VASDR Sub-Section 8100 Migraine Revised

       Migraine and Epilepsy have been clearly shown to have specific clinical characteristics representing different aspects of the same impairing phenomenon. Thus, given the well-established physiologic arguments for a relationship between these two diseases, Migraine, specifically Intractable Migraine, can be determined to be medically equivalent to Epilepsy under the existing evaluation criteria. Even though a 100% or total disability rating would be possible in severe enough Migraine cases under the Total Disability Rating and Analogous Rating principles, the existence of established percentage ratings with a 50% disability maximum under Code 8100 discourages such findings in appropriate cases. The percentages and criteria for arriving at the same ought to be modified as suggested. Such revision would bring the VASRD current and allow for fair treatment of our servicemen and servicewoman suffering from Migraine disease.

 

1 Olesen J. Understanding the Biologic Basis of Migraine. The New England Journal of Medicine 1994: Vol 331:1689-92.

2 Woods RP, Iacoboni M, Mazziotta JC. Bilateral Spreading Cerebral Hypoperfusion During Spontaneous Migraine Headache. The New England Journal of Medicine 1994: Vol 331:1689-92.

3 Olsen J. Hemodynamics. In: Olsen J. Tfelt-Hansen P. Welch KMA, eds. The Headaches. New York: Raven Press. 1993:209-22.

4 Olsen J, Friberg L, Olsen TS, et al Timing and Topography of Cerebral Blood Flow, Aura, and Headache During Migraine Attacks.
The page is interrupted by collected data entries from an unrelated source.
lemma preferred_to_cst_iff:
  assumes f: "f \<in> acts \<Sigma> X" and x: "x \<in> X"
  shows "P f (cst x) \<longleftrightarrow> u x < lower f"
proof
  assume fx: "P f (cst x)"
  obtain s where "u (f s) = best f" using best_attained[OF f] by blast
  then have "u x < u (f s)" using preferred_to_cst_below_best[OF f x fx] by simp
  then obtain w where w: "w \<in> X" "u x < u w" "P f (cst w)"
    using preferred_to_better_cst[OF f x acts_in_X[OF f] fx] by blast
  have "u w \<le> lower f" unfolding lower_def
    using bdd_above_lower_set[OF f] w by (intro cSup_upper) auto
  then show "u x < lower f" using w(2) by simp
next
  assume "u x < lower f"
  then obtain r where r: "r \<in> insert (worst f) {u x | x. x \<in> X \<and> P f (cst x)}" "u x < r"
    unfolding lower_def using less_cSup_iff[OF _ bdd_above_lower_set[OF f]] by blast
  then consider "r = worst f" | y where "y \<in> X" "P f (cst y)" "r = u y" by blast
  then show "P f (cst x)"
  proof cases
    case 1
    then have "u (cst x s) < u (f s)" for s using worst_le[OF f, of s] r(2) by (simp add: cst_def)
    then show ?thesis using strict_dominance[OF f cst_in[OF x]] by blast
  next
    case 2
    then have "P (cst y) (cst x)" using cst_preferred_iff[OF 2(1) x] r(2) by simp
    then show ?thesis using trans[OF f cst_in[OF 2(1)] cst_in[OF x]] 2(2) by blast
  qed
qed

lemma weak_dominance_cst_aux:
  assumes f: "f \<in> acts \<Sigma> X" and g: "g \<in> acts \<Sigma> X" and le: "\<And>s. u (g s) \<le> u (f s)"
    and x: "x \<in> X" and gx: "P g (cst x)" and z: "z \<in> X" "\<And>s. u z < u (g s)"
  shows "P f (cst x)"
proof -
  \<comment> \<open>By A2, x stays below a mixture of g with z, and that mixture is strictly dominated by f.\<close>
  let ?S = "{t\<in>{0..1::real}. P (mix t g (cst z)) (cst x)}"
  have "openin (top_of_set {0..1}) ?S" using openin_preferred_mix[OF g cst_in cst_in] z x by blast
  moreover have "1 \<in> ?S" using gx by (simp add: mix_one)
  ultimately obtain t where t: "0 < t" "t < 1" and gtx: "P (mix t g (cst z)) (cst x)"
    using openin_unit_interval_meets_interior by blast
  have gt: "mix t g (cst z) \<in> acts \<Sigma> X" using mix_in[OF g cst_in[OF z(1)]] t by simp
  have "u (mix t g (cst z) s) < u (f s)" for s
  proof -
    have "(1 - t) * u z < (1 - t) * u (g s)" using z(2)[of s] t by simp
    then show ?thesis
      using utility_mix_cst[OF g z(1), of t s] t le[of s] by (simp add: algebra_simps)
  qed
  then have "P f (mix t g (cst z))" using strict_dominance[OF f gt] by blast
  then show ?thesis using trans[OF f gt cst_in[OF x]] gtx by blast
qed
Ann Neurol 1990;28:791-8.

5 Epilep(tics) Have More Migraines. Columbia University Record ; February 10, 1995: Vol. 20, No. 16

6 Welch KMA, Lewis D. Migraine and epilepsy. Neurol Clin 15:107-123, 1997.

7 Marks DA, Ehrenberg BL. Migraine-related seizures in adults with epilepsy with EEG correlation. Neurology 1993;43:2476-2483.

8 Young GB, Blume WT. Painful epileptic seizures. Brain 106:537-554, 1983.

9 Schon F, Blau JN. Post-epileptic headache and Migraine. J Neurol Neurosurg Psychiatry 50:1148-1152, 1987.